Figure 6.

Nesprin-1 mutants cause defects in myoblast differentiation. IF showed that exogenously expressed V5-tagged WT-1α₂ or mutants and dominant genative-1KASH were localized at the NE. GFP was expressed as a reporter for retroviral infection (A). Upon differentiation, fewer multinucleated myotubes were observed in cells transduced with mutant R8272Q and dominant negative-1KASH compared with C2C12 cells transduced with eGFP alone (MIG only) or nesprin-1α₂ WT (B). The fusion index was reduced in cells transduced with the mutant R8272Q and dominant negative-1KASH compared with 1α₂ WT (C), more than 600 nuclei for each clone were counted by microscopy (63× objective) at day 6, three independent experiments were performed for each clone.
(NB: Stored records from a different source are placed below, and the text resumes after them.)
(* Let $\tau$ be a row-standard tableau with $\tau\in D_i$, and let $j$ be the entry in the box immediately above $i$. Then $n_{\mathrm{inv}}(\delta_i(\tau))=n_{\mathrm{inv}}(\tau)-1$ if $(\min(i,j),\max(i,j))$ is an inversion of $\tau$, and $n_{\mathrm{inv}}(\delta_i(\tau))=n_{\mathrm{inv}}(\tau)+1$ otherwise.
   Context: Fix a Young diagram $Y$ with $n$ boxes (rows drawn top to bottom, left-justified). A row-standard tableau of shape $Y$ is a bijective numbering of its boxes by $1,\dots,n$ increasing left to right along rows; it is standard if also increasing top to bottom along columns. An inversion of a row-standard $\tau$ is a pair $i<j$ in the same column such that either (i) $i$ or $j$ has no box immediately to its right and $i$ is below $j$, or (ii) $i,j$ have right neighbours $i',j'$ with $i'>j'$; $n_{\mathrm{inv}}(\tau)$ is their number. For $i\in\{1,\dots,n\}$, $D_i$ is the set of row-standard tableaux $\tau$ such that: (1) $i$ is not in the first row, and letting $j$ be the entry immediately above $i$: (2) if $i$ has a right neighbour $i'$ then $j<i'$, and if $j$ has a right neighbour $j'$ then $i<j'$; (3) for every $k$ in the same column as $i,j$ with $\min(i,j)<k<\max(i,j)$, exactly one of $(\min(i,j),k)$ and $(k,\max(i,j))$ is an inversion. For $\tau\in D_i$, if $i_1<\dots<i_q=i$ are the entries of the row of $i$ up to $i$ and $j_1<\dots<j_q=j$ those of the row of $j$ up to $j$, then $\delta_i(\tau)$ is the row-standard tableau obtained by swapping $i_k$ and $j_k$ for every $k=1,\dots,q$. *)

theory Defs
  imports Main
begin

text \<open>A Young diagram is given by its list of row lengths (top row first),
  weakly decreasing and positive. Boxes are pairs (row, column), 0-indexed,
  rows counted from the top.\<close>

definition young_diagram :: "nat list \<Rightarrow> bool" where
  "young_diagram Y \<longleftrightarrow> 0 \<notin> set Y \<and> (\<forall>k. Suc k < length Y \<longrightarrow> Y ! Suc k \<le> Y ! k)"

definition boxes :: "nat list \<Rightarrow> (nat \<times> nat) set" where
  "boxes Y = {(r, c). r < length Y \<and> c < Y ! r}"

text \<open>A tableau is a function on boxes; values outside the boxes are irrelevant.\<close>

definition row_standard :: "nat list \<Rightarrow> (nat \<times> nat \<Rightarrow> nat) \<Rightarrow> bool" where
  "row_standard Y \<tau> \<longleftrightarrow>
     bij_betw \<tau> (boxes Y) {1..sum_list Y} \<and>
     (\<forall>r c. (r, Suc c) \<in> boxes Y \<longrightarrow> \<tau> (r, c) < \<tau> (r, Suc c))"

definition is_inversion :: "nat list \<Rightarrow> (nat \<times> nat \<Rightarrow> nat) \<Rightarrow> nat \<Rightarrow> nat \<Rightarrow> bool" where
  "is_inversion Y \<tau> a b \<longleftrightarrow> a < b \<and>
     (\<exists>r1 r2 c. (r1, c) \<in> boxes Y \<and> (r2, c) \<in> boxes Y \<and> \<tau> (r1, c) = a \<and> \<tau> (r2, c) = b \<and>
       (((r1, Suc c) \<notin> boxes Y \<or> (r2, Suc c) \<notin> boxes Y) \<and> r2 < r1
        \<or> (r1, Suc c) \<in> boxes Y \<and> (r2, Suc c) \<in> boxes Y \<and> \<tau> (r2, Suc c) < \<tau> (r1, Suc c)))"

definition n_inv :: "nat list \<Rightarrow> (nat \<times> nat \<Rightarrow> nat) \<Rightarrow> nat" where
  "n_inv Y \<tau> = card {(a, b). is_inversion Y \<tau> a b}"

definition box_of :: "nat list \<Rightarrow> (nat \<times> nat \<Rightarrow> nat) \<Rightarrow> nat \<Rightarrow> nat \<times> nat" where
  "box_of Y \<tau> i = (THE b. b \<in> boxes Y \<and> \<tau> b = i)"

definition in_D :: "nat list \<Rightarrow> nat \<Rightarrow> (nat \<times> nat \<Rightarrow> nat) \<Rightarrow> bool" where
  "in_D Y i \<tau> \<longleftrightarrow> row_standard Y \<tau> \<and> i \<in> {1..sum_list Y} \<and>
     (\<exists>r c. (r, c) \<in> boxes Y \<and> \<tau> (r, c) = i \<and> 0 < r \<and>
        (let j = \<tau> (r - 1, c) in
          ((r, Suc c) \<in> boxes Y \<longrightarrow> j < \<tau> (r, Suc c)) \<and>
          ((r - 1, Suc c) \<in> boxes Y \<longrightarrow> i < \<tau> (r - 1, Suc c)) \<and>
          (\<forall>r'. (r', c) \<in> boxes Y \<longrightarrow>
             (let k = \<tau> (r', c) in min i j < k \<and> k < max i j \<longrightarrow>
               (is_inversion Y \<tau> (min i j) k \<noteq> is_inversion Y \<tau> k (max i j))))))"

definition delta :: "nat list \<Rightarrow> nat \<Rightarrow> (nat \<times> nat \<Rightarrow> nat) \<Rightarrow> (nat \<times> nat \<Rightarrow> nat)" where
  "delta Y i \<tau> = (case box_of Y \<tau> i of (r, c) \<Rightarrow>
     (\<lambda>(a, b). if a = r \<and> b \<le> c then \<tau> (r - 1, b)
               else if a = r - 1 \<and> b \<le> c then \<tau> (r, b)
               else \<tau> (a, b)))"

end

theory Submission
  imports Defs
begin

(* Since tau is injective on the boxes, inversions can be counted as pairs of boxes (x, y) of one
   column with t x < t y that stand in the "inversion order" (x lower when one of them has no
   right neighbour, otherwise x's right neighbour larger); n_inv becomes a double sum of
   indicators over the boxes.  For two boxes in different rows exactly one of the two orders
   holds, so such a pair contributes one inversion iff the comparison of values agrees with the
   inversion order (box_pair_count).
   delta_i is tau composed with the involution sigma exchanging the initial segments (up to
   column c) of rows r-1 and r, where (r, c) is the box of i.  With up = (r-1, c), low = (r, c),
   the double sum splits into
     (a) pairs avoiding up and low: unchanged, by reindexing with sigma;
     (b) pairs of up or low with a third box x: for x in column c the contributions balance,
         using condition (3) of D_i when tau x lies strictly between i and j;
     (c) the pair {up, low}: exchanging the values i and j flips whether it is an inversion. *)

section \<open>Inversions as a relation between boxes\<close>

definition right :: "nat \<times> nat \<Rightarrow> nat \<times> nat" where
  "right p = (fst p, Suc (snd p))"

definition inversion_order :: "nat list \<Rightarrow> (nat \<times> nat \<Rightarrow> nat) \<Rightarrow> nat \<times> nat \<Rightarrow> nat \<times> nat \<Rightarrow> bool" where
  "inversion_order Y t x y \<longleftrightarrow>
     (right x \<notin> boxes Y \<or> right y \<notin> boxes Y) \<and> fst y < fst x
     \<or> right x \<in> boxes Y \<and> right y \<in> boxes Y \<and> t (right y) < t (right x)"

definition box_inversion :: "nat list \<Rightarrow> (nat \<times> nat \<Rightarrow> nat) \<Rightarrow> nat \<times> nat \<Rightarrow> nat \<times> nat \<Rightarrow> bool" where
  "box_inversion Y t x y \<longleftrightarrow>
     x \<in> boxes Y \<and> y \<in> boxes Y \<and> snd x = snd y \<and> t x < t y \<and> inversion_order Y t x y"

lemma box_inversion_same_column: "box_inversion Y t x y \<Longrightarrow> snd x = snd y"
  by (simp add: box_inversion_def)

lemma box_inversion_irrefl: "\<not> box_inversion Y t x x"
  by (simp add: box_inversion_def)

lemma is_inversion_iff_box_inversion:
  "is_inversion Y t a b \<longleftrightarrow> (\<exists>x y. box_inversion Y t x y \<and> t x = a \<and> t y = b)"
  unfolding is_inversion_def box_inversion_def inversion_order_def right_def
  by (rule iffI; clarsimp) (metis fst_conv snd_conv, metis prod.collapse)

lemma is_inversion_at_boxes:
  assumes "inj_on t (boxes Y)" "x \<in> boxes Y" "y \<in> boxes Y"
  shows "is_inversion Y t (t x) (t y) \<longleftrightarrow> box_inversion Y t x y"
proof
  assume "is_inversion Y t (t x) (t y)"
  then obtain x' y' where inv: "box_inversion Y t x' y'" "t x' = t x" "t y' = t y"
    unfolding is_inversion_iff_box_inversion by blast
  then have "x' = x" "y' = y"
    using assms by (auto simp: box_inversion_def inj_on_def)
  with inv show "box_inversion Y t x y" by simp
qed (unfold is_inversion_iff_box_inversion, blast)

lemma finite_boxes: "finite (boxes Y)"
proof -
  have "boxes Y = Sigma {..<length Y} (\<lambda>r. {..<Y ! r})"
    by (auto simp: boxes_def)
  then show ?thesis by simp
qed

lemma n_inv_double_sum:
  assumes inj: "inj_on t (boxes Y)"
  shows "n_inv Y t = (\<Sum>x\<in>boxes Y. \<Sum>y\<in>boxes Y. of_bool (box_inversion Y t x y))"
proof -
  let ?P = "{p \<in> boxes Y \<times> boxes Y. box_inversion Y t (fst p) (snd p)}"
  have "{(a, b). is_inversion Y t a b} = (\<lambda>(x, y). (t x, t y)) ` ?P"
    unfolding is_inversion_iff_box_inversion by (force simp: box_inversion_def)
  moreover have "inj_on (\<lambda>(x, y). (t x, t y)) ?P"
    using inj by (auto simp: inj_on_def)
  ultimately have "n_inv Y t = card ?P"
    unfolding n_inv_def by (simp add: card_image)
  also have "\<dots> = (\<Sum>p\<in>boxes Y \<times> boxes Y. of_bool (box_inversion Y t (fst p) (snd p)))"
    using finite_boxes by (simp add: Int_def)
  also have "\<dots> = (\<Sum>x\<in>boxes Y. \<Sum>y\<in>boxes Y. of_bool (box_inversion Y t x y))"
    by (simp add: sum.cartesian_product case_prod_beta)
  finally show ?thesis .
qed

text \<open>Of two boxes in different rows, exactly one stands in inversion order to the other:
  either one of them lacks a right neighbour and the rows decide, or the (distinct) values
  of the right neighbours decide.\<close>

lemma inversion_order_antisym:
  assumes "inj_on t (boxes Y)" "fst x \<noteq> fst y"
  shows "inversion_order Y t y x \<longleftrightarrow> \<not> inversion_order Y t x y"
proof -
  have "right x \<noteq> right y" using assms(2) by (simp add: right_def)
  then have "right x \<in> boxes Y \<Longrightarrow> right y \<in> boxes Y \<Longrightarrow> t (right x) \<noteq> t (right y)"
    using assms(1) by (auto simp: inj_on_def)
  then show ?thesis
    using assms(2) by (auto simp: inversion_order_def)
qed

lemma box_pair_count:
  assumes inj: "inj_on t (boxes Y)" and boxes: "x \<in> boxes Y" "y \<in> boxes Y"
    and col: "snd x = snd y" and rows: "fst x \<noteq> fst y"
  shows "of_bool (box_inversion Y t x y) + of_bool (box_inversion Y t y x)
       = (of_bool (t x < t y \<longleftrightarrow> inversion_order Y t x y) :: nat)"
proof -
  have "x \<noteq> y" using rows by auto
  then have "t x \<noteq> t y" using inj boxes by (auto simp: inj_on_def)
  then show ?thesis
    using boxes col inversion_order_antisym[OF inj rows] by (auto simp: box_inversion_def)
qed

lemma double_sum_split_two:
  fixes f :: "'a \<Rightarrow> 'a \<Rightarrow> 'b :: comm_monoid_add"
  assumes "finite S" "a \<in> S" "b \<in> S" "a \<noteq> b"
  shows "(\<Sum>x\<in>S. \<Sum>y\<in>S. f x y) =
           (\<Sum>x\<in>S - {a, b}. \<Sum>y\<in>S - {a, b}. f x y)
         + (\<Sum>x\<in>S - {a, b}. (f x a + f a x) + (f x b + f b x))
         + ((f a a + f b b) + (f a b + f b a))"
proof -
  have split: "sum g S = g a + g b + sum g (S - {a, b})" for g :: "'a \<Rightarrow> 'b"
  proof -
    have "S = insert a (insert b (S - {a, b}))" using assms by auto
    then have "sum g S = sum g (insert a (insert b (S - {a, b})))" by simp
    also have "\<dots> = g a + g b + sum g (S - {a, b})" using assms by (simp add: add.assoc)
    finally show ?thesis .
  qed
  show ?thesis
    by (simp only: split sum.distrib) (simp add: ac_simps)
qed

section \<open>The segment swap\<close>

definition segment_swap :: "nat \<Rightarrow> nat \<Rightarrow> nat \<times> nat \<Rightarrow> nat \<times> nat" where
  "segment_swap r c p =
     (if fst p = r \<and> snd p \<le> c then (r - 1, snd p)
      else if fst p = r - 1 \<and> snd p \<le> c then (r, snd p) else p)"

lemma delta_eq_segment_swap:
  assumes "inj_on \<tau> (boxes Y)" "(r, c) \<in> boxes Y" "\<tau> (r, c) = i"
  shows "delta Y i \<tau> = \<tau> \<circ> segment_swap r c"
proof -
  have "box_of Y \<tau> i = (r, c)"
    unfolding box_of_def using assms by (auto simp: inj_on_def)
  then show ?thesis
    by (auto simp: delta_def segment_swap_def fun_eq_iff)
qed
Further analysis of the MHC positive multinucleated populations revealed that myotubes expressing nesprin-1 mutants contained fewer nuclei compared to the controls (D). qPCR and WB showed that nesprin-1 mutant R8272Q and dominant negative-1KASH caused significant reduction of myogenin (E, F) and MHC (E, G) levels at DM day 2 and day 6 respectively, qPCR also showed that dominant negative-1KASH caused significant reduction of MyoD (E) levels at DM day 2. All were normalized to GFP, three independent experiments were performed shown as mean ± SEM, *P < 0.05 using Student’s t-tests or two-way ANOVA analysis.